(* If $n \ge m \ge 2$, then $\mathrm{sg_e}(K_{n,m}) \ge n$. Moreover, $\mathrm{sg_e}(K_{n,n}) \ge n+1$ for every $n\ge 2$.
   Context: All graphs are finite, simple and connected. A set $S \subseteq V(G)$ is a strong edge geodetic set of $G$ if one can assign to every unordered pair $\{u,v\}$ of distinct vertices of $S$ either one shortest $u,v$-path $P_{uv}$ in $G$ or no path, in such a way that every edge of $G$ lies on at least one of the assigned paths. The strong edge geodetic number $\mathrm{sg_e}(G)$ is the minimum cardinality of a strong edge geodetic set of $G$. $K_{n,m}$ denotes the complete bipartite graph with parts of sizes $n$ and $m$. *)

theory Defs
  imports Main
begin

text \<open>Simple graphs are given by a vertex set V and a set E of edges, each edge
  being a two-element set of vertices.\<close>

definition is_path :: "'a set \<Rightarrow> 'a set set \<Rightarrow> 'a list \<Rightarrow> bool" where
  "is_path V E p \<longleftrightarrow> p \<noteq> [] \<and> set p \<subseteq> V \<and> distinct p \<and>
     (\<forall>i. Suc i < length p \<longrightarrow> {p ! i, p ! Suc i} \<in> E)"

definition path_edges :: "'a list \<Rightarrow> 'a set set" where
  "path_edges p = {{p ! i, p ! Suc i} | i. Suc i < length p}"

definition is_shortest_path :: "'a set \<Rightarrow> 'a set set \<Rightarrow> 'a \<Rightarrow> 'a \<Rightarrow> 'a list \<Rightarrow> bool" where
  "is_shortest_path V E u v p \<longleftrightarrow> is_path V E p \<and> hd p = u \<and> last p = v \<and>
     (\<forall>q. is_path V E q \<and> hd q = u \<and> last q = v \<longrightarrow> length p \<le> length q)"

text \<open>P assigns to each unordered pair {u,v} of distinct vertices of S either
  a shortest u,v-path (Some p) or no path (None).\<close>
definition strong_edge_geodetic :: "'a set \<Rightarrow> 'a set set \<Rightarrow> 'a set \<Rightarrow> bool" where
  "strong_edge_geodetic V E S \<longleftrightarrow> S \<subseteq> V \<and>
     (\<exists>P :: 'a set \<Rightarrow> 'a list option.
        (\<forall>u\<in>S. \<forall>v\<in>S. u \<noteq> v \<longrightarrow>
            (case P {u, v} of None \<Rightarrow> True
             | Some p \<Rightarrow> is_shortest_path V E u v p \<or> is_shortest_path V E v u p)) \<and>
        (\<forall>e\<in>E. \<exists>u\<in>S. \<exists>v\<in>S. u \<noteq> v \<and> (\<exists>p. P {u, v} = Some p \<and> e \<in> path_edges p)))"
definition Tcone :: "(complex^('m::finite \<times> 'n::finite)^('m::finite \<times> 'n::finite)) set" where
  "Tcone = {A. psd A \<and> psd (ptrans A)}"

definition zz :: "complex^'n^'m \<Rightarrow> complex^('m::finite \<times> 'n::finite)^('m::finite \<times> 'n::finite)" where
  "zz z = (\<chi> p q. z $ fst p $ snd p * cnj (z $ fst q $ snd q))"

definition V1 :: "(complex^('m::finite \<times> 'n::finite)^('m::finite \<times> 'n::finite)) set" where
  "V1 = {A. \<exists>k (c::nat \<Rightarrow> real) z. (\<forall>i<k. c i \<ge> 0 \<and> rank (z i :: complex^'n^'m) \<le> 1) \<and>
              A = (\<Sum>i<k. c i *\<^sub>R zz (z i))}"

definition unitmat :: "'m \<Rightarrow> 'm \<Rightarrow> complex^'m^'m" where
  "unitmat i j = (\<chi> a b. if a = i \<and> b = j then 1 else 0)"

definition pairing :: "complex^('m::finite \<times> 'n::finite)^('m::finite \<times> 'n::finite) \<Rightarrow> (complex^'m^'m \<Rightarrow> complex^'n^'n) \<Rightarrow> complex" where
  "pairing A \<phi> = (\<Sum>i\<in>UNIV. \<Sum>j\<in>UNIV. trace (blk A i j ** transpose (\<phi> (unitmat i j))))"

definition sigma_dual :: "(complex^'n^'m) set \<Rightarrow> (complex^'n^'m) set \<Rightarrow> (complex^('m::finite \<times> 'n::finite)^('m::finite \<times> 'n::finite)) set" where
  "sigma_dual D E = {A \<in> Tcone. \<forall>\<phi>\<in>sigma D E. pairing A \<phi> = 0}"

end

=======

Work instruction:
Your task is to retype the whole listing, keeping every word exactly as it is.

Result:
(* If $n \ge m \ge 2$, then $\mathrm{sg_e}(K_{n,m}) \ge n$. Moreover, $\mathrm{sg_e}(K_{n,n}) \ge n+1$ for every $n\ge 2$.
   Context: All graphs are finite, simple and connected. A set $S \subseteq V(G)$ is a strong edge geodetic set of $G$ if one can assign to every unordered pair $\{u,v\}$ of distinct vertices of $S$ either one shortest $u,v$-path $P_{uv}$ in $G$ or no path, in such a way that every edge of $G$ lies on at least one of the assigned paths. The strong edge geodetic number $\mathrm{sg_e}(G)$ is the minimum cardinality of a strong edge geodetic set of $G$. $K_{n,m}$ denotes the complete bipartite graph with parts of sizes $n$ and $m$. *)

theory Defs
  imports Main
begin

text \<open>Simple graphs are given by a vertex set V and a set E of edges, each edge
  being a two-element set of vertices.\<close>

definition is_path :: "'a set \<Rightarrow> 'a set set \<Rightarrow> 'a list \<Rightarrow> bool" where
  "is_path V E p \<longleftrightarrow> p \<noteq> [] \<and> set p \<subseteq> V \<and> distinct p \<and>
     (\<forall>i. Suc i < length p \<longrightarrow> {p ! i, p ! Suc i} \<in> E)"

definition path_edges :: "'a list \<Rightarrow> 'a set set" where
  "path_edges p = {{p ! i, p ! Suc i} | i. Suc i < length p}"

definition is_shortest_path :: "'a set \<Rightarrow> 'a set set \<Rightarrow> 'a \<Rightarrow> 'a \<Rightarrow> 'a list \<Rightarrow> bool" where
  "is_shortest_path V E u v p \<longleftrightarrow> is_path V E p \<and> hd p = u \<and> last p = v \<and>
     (\<forall>q. is_path V E q \<and> hd q = u \<and> last q = v \<longrightarrow> length p \<le> length q)"

text \<open>P assigns to each unordered pair {u,v} of distinct vertices of S either
  a shortest u,v-path (Some p) or no path (None).\<close>
definition strong_edge_geodetic :: "'a set \<Rightarrow> 'a set set \<Rightarrow> 'a set \<Rightarrow> bool" where
  "strong_edge_geodetic V E S \<longleftrightarrow> S \<subseteq> V \<and>
     (\<exists>P :: 'a set \<Rightarrow> 'a list option.
        (\<forall>u\<in>S. \<forall>v\<in>S. u \<noteq> v \<longrightarrow>
            (case P {u, v} of None \<Rightarrow> True
             | Some p \<Rightarrow> is_shortest_path V E u v p \<or> is_shortest_path V E v u p)) \<and>
        (\<forall>e\<in>E. \<exists>u\<in>S. \<exists>v\<in>S. u \<noteq> v \<and> (\<exists>p. P {u, v} = Some p \<and> e \<in> path_edges p)))"
definition Tcone :: "(complex^('m::finite \<times> 'n::finite)^('m::finite \<times> 'n::finite)) set" where
  "Tcone = {A. psd A \<and> psd (ptrans A)}"

definition zz :: "complex^'n^'m \<Rightarrow> complex^('m::finite \<times> 'n::finite)^('m::finite \<times> 'n::finite)" where
  "zz z = (\<chi> p q. z $ fst p $ snd p * cnj (z $ fst q $ snd q))"

definition V1 :: "(complex^('m::finite \<times> 'n::finite)^('m::finite \<times> 'n::finite)) set" where
  "V1 = {A. \<exists>k (c::nat \<Rightarrow> real) z. (\<forall>i<k. c i \<ge> 0 \<and> rank (z i :: complex^'n^'m) \<le> 1) \<and>
              A = (\<Sum>i<k. c i *\<^sub>R zz (z i))}"

definition unitmat :: "'m \<Rightarrow> 'm \<Rightarrow> complex^'m^'m" where
  "unitmat i j = (\<chi> a b. if a = i \<and> b = j then 1 else 0)"

definition pairing :: "complex^('m::finite \<times> 'n::finite)^('m::finite \<times> 'n::finite) \<Rightarrow> (complex^'m^'m \<Rightarrow> complex^'n^'n) \<Rightarrow> complex" where
  "pairing A \<phi> = (\<Sum>i\<in>UNIV. \<Sum>j\<in>UNIV. trace (blk A i j ** transpose (\<phi> (unitmat i j))))"

definition sigma_dual :: "(complex^'n^'m) set \<Rightarrow> (complex^'n^'m) set \<Rightarrow> (complex^('m::finite \<times> 'n::finite)^('m::finite \<times> 'n::finite)) set" where
  "sigma_dual D E = {A \<in> Tcone. \<forall>\<phi>\<in>sigma D E. pairing A \<phi> = 0}"

end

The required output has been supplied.